The Department of Justice (DOJ) is the federal agency responsible for investigating and prosecuting crimes. In recent years, there has been significant public scrutiny of the DOJ’s decision-making process when it comes to indicting individuals involved in high-profile events.
The DOJ has gone after January 6 protesters with the full extent of the law, even possibly targeting the wrong people, while ignoring the rioters in 2020 and altering the plea deals for leftist terrorists in the case where two lawyers threw Molotov cocktails at police cruisers.
Colinford Mattis and Urooj Rahman pleaded guilty to one count of possessing and making an explosive device last year. Instead of continuing with the plea deal, the DOJ rescinded it and allowed them both to plead guilty to conspiring to assemble the Molotov cocktail and damage a New York Police Department patrol vehicle.
Jonathan Turley, George Washington University law professor, said, “That is a nosebleed of a drop in the severity and punishment for this violent attack. It is a sharp contrast to the harsh position taken by the Biden Justice Department on many of those accused of rioting on January 6. Attorney General Merrick Garland cited the threat to police officers in pledging an unprecedented effort to charge and convict those involved on any level in the riot.”
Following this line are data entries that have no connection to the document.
definition kept_cells :: "nat \<Rightarrow> nat \<Rightarrow> (nat \<Rightarrow> nat) \<Rightarrow> (nat \<times> nat) set" where
  "kept_cells a i f = {(k, j). 1 \<le> j \<and> j \<le> i \<and> 1 \<le> k \<and> k + f j \<le> a + 1}"

lemma col_seqsD:
  assumes "f \<in> col_seqs i a"
  shows "\<And>j. 1 \<le> j \<Longrightarrow> j \<le> i \<Longrightarrow> j \<le> f j \<and> f j \<le> a"
    and "\<And>j j'. 1 \<le> j \<Longrightarrow> j \<le> j' \<Longrightarrow> j' \<le> i \<Longrightarrow> f j \<le> f j'"
    and "\<And>j. j \<notin> {1..i} \<Longrightarrow> f j = undefined"
  using assms by (auto simp: col_seqs_def PiE_def extensional_def intro: mono_onD)

lemma kept_cells_subset: "f \<in> col_seqs i a \<Longrightarrow> kept_cells a i f \<subseteq> staircase a"
  using col_seqsD(1) by (fastforce simp: kept_cells_def staircase_def)

lemma staircase_filter_moved_cells:
  assumes f: "f \<in> col_seqs i a"
  shows "staircase_filter a (staircase a - kept_cells a i f)"
  unfolding staircase_filter_def
proof (intro conjI allI impI)
  show "staircase a - kept_cells a i f \<subseteq> staircase a"
    by blast
next
  fix p q p' q'
  assume pq: "(p, q) \<in> staircase a - kept_cells a i f" and p'q': "(p', q') \<in> staircase a"
    and le: "p \<le> p'" "q \<le> q'"
  have "(p', q') \<notin> kept_cells a i f"
  proof
    assume "(p', q') \<in> kept_cells a i f"
    moreover have "f q \<le> f q'" if "q' \<le> i"
      using col_seqsD(2)[OF f _ le(2) that] pq by (simp add: staircase_def)
    ultimately have "(p, q) \<in> kept_cells a i f"
      using pq le by (auto simp: kept_cells_def staircase_def)
    then show False
      using pq by simp
  qed
  then show "(p', q') \<in> staircase a - kept_cells a i f"
    using p'q' by blast
qed

lemma card_row_1_kept_cells:
  assumes "f \<in> col_seqs i a"
  shows "card {c \<in> kept_cells a i f. fst c = 1} = i"
proof -
  have "{c \<in> kept_cells a i f. fst c = 1} = (\<lambda>j. (1, j)) ` {1..i}"
    using col_seqsD(1)[OF assms] by (auto simp: kept_cells_def)
  then show ?thesis
    by (simp add: card_image inj_on_def)
qed

lemma kept_cells_inj:
  assumes f: "f \<in> col_seqs i a" and g: "g \<in> col_seqs i a"
    and eq: "kept_cells a i f = kept_cells a i g"
  shows "f = g"
proof
  fix j
  show "f j = g j"
  proof (cases "j \<in> {1..i}")
    case True
    have "(a + 1 - h j, j) \<in> kept_cells a i h" if "h \<in> col_seqs i a" for h
      using True col_seqsD(1)[OF that, of j] by (auto simp: kept_cells_def)
    then have "(a + 1 - f j, j) \<in> kept_cells a i g" "(a + 1 - g j, j) \<in> kept_cells a i f"
      using f g eq by auto
    then show ?thesis
      using True col_seqsD(1)[OF f, of j] col_seqsD(1)[OF g, of j] by (auto simp: kept_cells_def)
  next
    case False
    then show ?thesis
      using col_seqsD(3)[OF f] col_seqsD(3)[OF g] by simp
  qed
qed

lemma down_closed_eq_atLeastAtMost:
  assumes "S \<subseteq> {1..N}" "\<And>k k'. k \<in> S \<Longrightarrow> 1 \<le> k' \<Longrightarrow> k' \<le> k \<Longrightarrow> k' \<in> S"
  shows "S = {1..card S}"
proof (cases "S = {}")
  case False
  have "finite S"
    using assms(1) by (rule finite_subset) simp
  then have "Max S \<in> S" "\<And>k. k \<in> S \<Longrightarrow> k \<le> Max S"
    using False by simp_all
  then have S: "S = {1..Max S}"
    using assms by fastforce
  then have "card S = Max S"
    by (metis card_atLeastAtMost diff_Suc_1)
  with S show ?thesis
    by simp
qed simp

lemma col_seqs_of_heights:
  assumes "\<And>j. j \<in> {1..i} \<Longrightarrow> 1 \<le> h j \<and> h j + j \<le> a + 1"
    and "\<And>j j'. j \<in> {1..i} \<Longrightarrow> j' \<in> {1..i} \<Longrightarrow> j \<le> j' \<Longrightarrow> h j' \<le> h j"
  shows "(\<lambda>j. if j \<in> {1..i} then a + 1 - h j else undefined) \<in> col_seqs i a"
proof -
  let ?f = "\<lambda>j. if j \<in> {1..i} then a + 1 - h j else undefined"
  have "j \<le> ?f j \<and> ?f j \<le> a" if "j \<in> {1..i}" for j
    using assms(1)[OF that] that by auto
  moreover have "mono_on {1..i} ?f"
  proof (rule mono_onI)
    fix r s assume "r \<in> {1..i}" "s \<in> {1..i}" "r \<le> s"
    then show "?f r \<le> ?f s"
      using assms(2)[of r s] by simp
  qed
  ultimately show ?thesis
    by (auto simp: col_seqs_def PiE_iff extensional_def)
qed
In the case of Michael Flynn, he was pressured to plead guilty to lying to the FBI but there was no punishment for former FBI Deputy Director Andrew McCabe when he leaked sensitive information to the Clinton campaign during the “Russia collusion” investigation and lied about it. After McCabe was fired, President Joe Biden’s Justice Department restored his full pension.
Joe Biden’s son, Hunter Biden, is another example of the DOJ waiting to act on an investigation for political reasons. Hunter Biden was being investigated for tax fraud in 2020, but the investigation was halted during the 2020 election by U.S. Attorney David Weiss. Hunter’s bank records were subpoenaed in May 2019, and there are many questions about why it’s taken so long for the investigation to move forward.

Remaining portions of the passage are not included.